= Devotio =

Roman generals vow

In ancient Roman religion, the devotio was an extreme form of votum in which a Roman general vowed to sacrifice his own life in battle along with the enemy to chthonic gods in exchange for a victory. The most extended description of the ritual is given by the Augustan historian Livy, regarding the self-sacrifice of Decius Mus. The English word "devotion" derives from the Latin.

Devotio may be a form of consecratio, a ritual by means of which something was consecrated to the gods. The devotio has sometimes been interpreted in light of human sacrifice in ancient Rome, and Walter Burkert saw it as a form of scapegoat or pharmakos ritual. By the 1st century BC, devotio could mean more generally "any prayer or ritual that consigned some person or thing to the gods of the underworld for destruction."

==The invocation==
Livy preserves the prayer formula used for making a devotio. Although Livy was writing at a time when the religious innovations of Augustus were often cloaked in old-fashioned piety and appeals to tradition, archaic aspects of the prayer suggest that it is not an invention, but represents a traditional formulary as might be preserved in the official pontifical books. The attending pontifex dictates the wording. The syntax is repetitive and disjointed, unlike prayers given literary dress during this period in the poetry of Ovid and others. The deities invoked—among them the Archaic Triad of Jupiter, Mars, and Quirinus—belong to the earliest religious traditions of Rome. Livy explains that he will record the archaic ritual of devotio at length because "the memory of every human and religious custom has withered from a preference for everything novel and foreign."
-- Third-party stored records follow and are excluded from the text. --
lemma wprod_take_Suc:
  assumes "group G" "set ws \<subseteq> carrier G" "i < length ws"
  shows "wprod G (take (Suc i) ws) = wprod G (take i ws) \<otimes>\<^bsub>G\<^esub> ws ! i"
proof -
  have "set (take i ws) \<subseteq> carrier G"
    using set_take_subset assms(2) by (rule order_trans)
  moreover have "ws ! i \<in> carrier G"
    using nth_mem[OF assms(3)] assms(2) by blast
  ultimately show ?thesis
    unfolding take_Suc_conv_app_nth[OF assms(3)] by (rule wprod_snoc[OF assms(1)])
qed

lemma isometric_action_gprod:
  assumes "isometric_action G act" "g \<in> carrier G"
  shows "gprod (act g a) (act g b) (act g c) = gprod a b c"
  using assms by (simp add: isometric_action_def gprod_def)

lemma isometric_action_dist_inv:
  assumes "group G" "isometric_action G act" "u \<in> carrier G"
  shows "dist (act (inv\<^bsub>G\<^esub> u) p) p = dist (act u p) p"
proof -
  have inv: "inv\<^bsub>G\<^esub> u \<in> carrier G"
    using group.inv_closed[OF assms(1,3)] .
  have "act u (act (inv\<^bsub>G\<^esub> u) p) = act (u \<otimes>\<^bsub>G\<^esub> inv\<^bsub>G\<^esub> u) p"
    using assms(2,3) inv unfolding isometric_action_def by simp
  also have "\<dots> = p"
    using assms(2) group.r_inv[OF assms(1,3)] unfolding isometric_action_def by simp
  finally have "dist (act (inv\<^bsub>G\<^esub> u) p) p = dist p (act u p)"
    using assms(2,3) unfolding isometric_action_def by metis
  then show ?thesis
    by (simp add: dist_commute)
qed

definition word_orbit :: "('g, 'b) monoid_scheme \<Rightarrow> ('g \<Rightarrow> 'x \<Rightarrow> 'x) \<Rightarrow> 'g list \<Rightarrow> 'x \<Rightarrow> nat \<Rightarrow> 'x"
  where "word_orbit G act ws p i = act (wprod G (take i ws)) p"

context
  fixes G :: "('g, 'b) monoid_scheme" and act :: "'g \<Rightarrow> 'x::metric_space \<Rightarrow> 'x"
    and p :: 'x and ws :: "'g list"
  assumes group: "group G" and action: "isometric_action G act" and letters: "set ws \<subseteq> carrier G"
begin

private lemma prefix_closed: "wprod G (take i ws) \<in> carrier G"
  by (rule wprod_closed[OF group order_trans[OF set_take_subset letters]])

private lemma word_orbit_Suc:
  assumes "i < length ws"
  shows "word_orbit G act ws p (i + 1) = act (wprod G (take i ws)) (act (ws ! i) p)"
proof -
  have "ws ! i \<in> carrier G"
    using assms letters by auto
  then show ?thesis
    using action wprod_take_Suc[OF group letters assms] prefix_closed
    unfolding word_orbit_def by (simp add: isometric_action_def)
qed

lemma word_orbit_dist:
  assumes "i < length ws"
  shows "dist (word_orbit G act ws p i) (word_orbit G act ws p (i + 1)) = dist (act (ws ! i) p) p"
  using action word_orbit_Suc[OF assms] prefix_closed
  unfolding word_orbit_def by (simp add: isometric_action_def dist_commute)

lemma word_orbit_gprod:
  assumes "1 \<le> i" "i < length ws"
  shows "gprod (word_orbit G act ws p (i - 1)) (word_orbit G act ws p (i + 1)) (word_orbit G act ws p i)
         = gprod (act (inv\<^bsub>G\<^esub> (ws ! (i - 1))) p) (act (ws ! i) p) p"
proof -
  interpret group G by (rule group)
  define g where "g = wprod G (take i ws)"
  define u where "u = ws ! (i - 1)"
  have u: "u \<in> carrier G" and g: "g \<in> carrier G"
    using assms letters prefix_closed unfolding g_def u_def by auto
  have "g = wprod G (take (i - 1) ws) \<otimes>\<^bsub>G\<^esub> u"
    using wprod_take_Suc[OF group letters, of "i - 1"] assms unfolding g_def u_def by simp
  then have "wprod G (take (i - 1) ws) = g \<otimes>\<^bsub>G\<^esub> inv\<^bsub>G\<^esub> u"
    using u g prefix_closed by (simp add: m_assoc)
  then have "word_orbit G act ws p (i - 1) = act g (act (inv\<^bsub>G\<^esub> u) p)"
    using action g u unfolding word_orbit_def by (simp add: isometric_action_def)
  moreover have "word_orbit G act ws p (i + 1) = act g (act (ws ! i) p)"
    using word_orbit_Suc[OF assms(2)] unfolding g_def .
  moreover have "word_orbit G act ws p i = act g p"
    unfolding g_def word_orbit_def ..
  ultimately show ?thesis
    using isometric_action_gprod[OF action g] unfolding u_def by simp
qed

end

lemma reduced_word_carrier:
  assumes "group G" "U \<subseteq> carrier G" "reduced_word G U ws"
  shows "set ws \<subseteq> carrier G"
  using assms group.inv_closed[OF assms(1)] unfolding reduced_word_def by blast

lemma reduced_word_orbit_chain:
  assumes "group G" "isometric_action G act" "hyperbolic TYPE('x::metric_space) \<delta>" "0 \<le> \<alpha>"
    and "alpha_reduced G act \<delta> \<alpha> U p" "reduced_word G U ws"
  shows "hyperbolic_chain (word_orbit G act ws (p :: 'x)) (length ws) \<delta> (\<alpha> + 50 * \<delta>)"
proof
  define V where "V = U \<union> (\<lambda>u. inv\<^bsub>G\<^esub> u) ` U"
  have U: "U \<subseteq> carrier G"
    using assms(5) unfolding alpha_reduced_def by blast
  have V_carrier: "V \<subseteq> carrier G"
    using U group.inv_closed[OF assms(1)] unfolding V_def by blast
  have V_inv: "inv\<^bsub>G\<^esub> u \<in> V" if "u \<in> V" for u
    using that U group.inv_inv[OF assms(1)] unfolding V_def by (auto intro!: rev_image_eqI)
  have reduced: "\<And>u1 u2. u1 \<in> V \<Longrightarrow> u2 \<in> V \<Longrightarrow> u1 \<noteq> u2 \<Longrightarrow>
      gprod (act u1 p) (act u2 p) p < min (dist (act u1 p) p) (dist (act u2 p) p) / 2 - \<alpha> - 50 * \<delta>"
    using assms(5) unfolding alpha_reduced_def V_def by blast
  have ws: "set ws \<subseteq> V" "\<And>i. Suc i < length ws \<Longrightarrow> ws ! Suc i \<noteq> inv\<^bsub>G\<^esub> (ws ! i)"
    using assms(6) unfolding reduced_word_def V_def by auto
  have letters: "set ws \<subseteq> carrier G"
    using reduced_word_carrier[OF assms(1) U assms(6)] .
  fix j assume j: "1 \<le> j" "j < length ws"
  then obtain i where i: "j = Suc i"
    by (cases j) auto
  have u: "ws ! i \<in> V" "ws ! j \<in> V"
    using ws(1) j i by auto
  have "ws ! j \<noteq> inv\<^bsub>G\<^esub> (ws ! i)"
    using ws(2)[of i] j i by simp
  then have "gprod (act (inv\<^bsub>G\<^esub> (ws ! i)) p) (act (ws ! j) p) p
               < min (dist (act (inv\<^bsub>G\<^esub> (ws ! i)) p) p) (dist (act (ws ! j) p) p) / 2 - \<alpha> - 50 * \<delta>"
    using reduced[OF V_inv[OF u(1)] u(2)] by auto
  moreover have "dist (act (inv\<^bsub>G\<^esub> (ws ! i)) p) p = dist (act (ws ! i) p) p"
    using isometric_action_dist_inv[OF assms(1,2)] u(1) V_carrier by blast
  ultimately have turn: "gprod (act (inv\<^bsub>G\<^esub> (ws ! (j - 1))) p) (act (ws ! j) p) p
               < min (dist (act (ws ! (j - 1)) p) p) (dist (act (ws ! j) p) p) / 2 - (\<alpha> + 50 * \<delta>)"
    using i by simp
  have "dist (word_orbit G act ws p (j - 1)) (word_orbit G act ws p j) = dist (act (ws ! (j - 1)) p) p"
    using word_orbit_dist[OF assms(1,2) letters, of "j - 1" p] i j by simp
  then show "gprod (word_orbit G act ws p (j - 1)) (word_orbit G act ws p (j + 1)) (word_orbit G act ws p j)
             < min (dist (word_orbit G act ws p (j - 1)) (word_orbit G act ws p j))
                   (dist (word_orbit G act ws p j) (word_orbit G act ws p (j + 1))) / 2
               - (\<alpha> + 50 * \<delta>)"
    unfolding word_orbit_gprod[OF assms(1,2) letters j] word_orbit_dist[OF assms(1,2) letters j(2)]
    using turn by (simp only:)
qed (use assms(3,4) hyperbolic_delta_nonneg[OF assms(3)] in simp_all)

theorem mainTheorem9:
  fixes G :: "('g, 'b) monoid_scheme"
    and act :: "'g \<Rightarrow> 'x::metric_space \<Rightarrow> 'x"
    and \<delta> \<alpha> :: real and U :: "'g set" and p :: 'x and ws :: "'g list" and n :: nat
  assumes "group G"
    and "isometric_action G act"
    and "geodesic_space TYPE('x)"
    and "hyperbolic TYPE('x) \<delta>"
    and "\<alpha> \<ge> 3 * \<delta>"
    and "alpha_reduced G act \<delta> \<alpha> U p"
    and "n \<ge> 2" and "length ws = n"
    and "reduced_word G U ws"
  defines "x \<equiv> (\<lambda>i. act (wprod G (take i ws)) p)"
  shows "(\<forall>i\<in>{1..n-2}.
            gprod (x (i - 1)) (x (i + 1)) (x i) + gprod (x i) (x (i + 2)) (x (i + 1))
              < dist (x i) (x (i + 1)) - 2 * (\<alpha> + 50 * \<delta>))
       \<and> dist (act (wprod G ws) p) p
           \<ge> dist (act (ws ! 0) p) p / 2 + dist (act (ws ! (n - 1)) p) p / 2
             + 2 * (real n - 1) * (\<alpha> + 40 * \<delta>) + 4 * (real n - 1) * \<delta>
       \<and> (\<forall>i\<in>{1..n-2}.
            gprod p (act (wprod G ws) p) (x i)
              \<le> gprod (act (inv\<^bsub>G\<^esub> (ws ! (i - 1))) p) (act (ws ! i) p) p + 2 * \<delta>)"
proof -
  have \<delta>: "0 \<le> \<delta>"
    using assms(4) by (rule hyperbolic_delta_nonneg)
  have x: "x = word_orbit G act ws p"
    unfolding x_def word_orbit_def ..
  interpret hyperbolic_chain x n \<delta> "\<alpha> + 50 * \<delta>"
    unfolding x assms(8)[symmetric]
    by (rule reduced_word_orbit_chain[OF assms(1,2,4) _ assms(6,9)]) (use assms(5) \<delta> in linarith)
  have letters: "set ws \<subseteq> carrier G"
    using assms(6) reduced_word_carrier[OF assms(1) _ assms(9)] unfolding alpha_reduced_def by blast
  have x0: "x 0 = p" and xn: "x n = act (wprod G ws) p"
    using assms(2,8) unfolding x_def wprod_def isometric_action_def by simp_all
  have "dist (x 0) (x n) \<ge> dist (x 0) (x 1) / 2 + dist (x (n - 1)) (x n) / 2
                               + (real n - 1) * (2 * (\<alpha> + 50 * \<delta>) - 2 * \<delta>)"
    using dist_start_ge[of n] assms(7) by simp
  moreover have "(real n - 1) * (2 * (\<alpha> + 50 * \<delta>) - 2 * \<delta>)
                   \<ge> 2 * (real n - 1) * (\<alpha> + 40 * \<delta>) + 4 * (real n - 1) * \<delta>"
    using mult_left_mono[of 1 "real n" \<delta>] assms(7) \<delta> by (simp add: algebra_simps)
  ultimately have "dist (act (wprod G ws) p) p
           \<ge> dist (act (ws ! 0) p) p / 2 + dist (act (ws ! (n - 1)) p) p / 2
             + 2 * (real n - 1) * (\<alpha> + 40 * \<delta>) + 4 * (real n - 1) * \<delta>"
    using word_orbit_dist[OF assms(1,2) letters, of 0 p] word_orbit_dist[OF assms(1,2) letters, of "n - 1" p]
      assms(7,8) x0 xn x by (simp add: dist_commute)
  moreover have "gprod (x 0) (x n) (x i) \<le> gprod (act (inv\<^bsub>G\<^esub> (ws ! (i - 1))) p) (act (ws ! i) p) p + 2 * \<delta>"
    if "i \<in> {1..n-2}" for i
    using gprod_endpoints_le[of i] word_orbit_gprod[OF assms(1,2) letters, of i p] that assms(7,8) x by auto
  ultimately show ?thesis
    using turn_sum_lt x0 xn assms(7) by auto
qed

end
The prayer is uttered by Publius Decius Mus, the consul of 340 BC, during the Samnite Wars. He vows to offer himself as a sacrifice to the infernal gods when a battle between the Romans and the senones and samnites has become desperate:

The pontifex instructed him to don the toga praetexta, to veil his head and, with one hand held out from under his toga touching his chin, to stand on a spear laid under his feet and speak as follows: 'Janus, Jupiter, Mars Pater, Quirinus, Bellona, Lares, divine Novensiles, divine Indigetes, gods whose power extends over us and over our enemies, divine Manes, I pray to you, I revere you, I beg your favour and beseech you that you advance the strength and success of the Roman people … As I have pronounced in these words … I devote the legions and auxiliaries of the enemy along with myself, to the divine Manes and to Earth.'
Both the Lares and the Manes are often regarded in ancient sources as the deified dead.

Macrobius says that the general who offers himself "touches the earth while saying Tellus, and raises his hands toward heaven when pronouncing the name of Jupiter."

==Evocatio==
Another votum that might be made in the field by a general was the evocatio, a ritual by means of which the tutelary deity of the enemy, particularly that of a city under siege, might be induced to come over to the Roman cause by the promise of superior cult.

==Other devotiones==
Tacitus refers to the magic charms uncovered in connection with the poisoning of Germanicus as devotiones, indicating that the word had expanded its meaning to include other ritual acts in which an individual sought to harm and even kill another.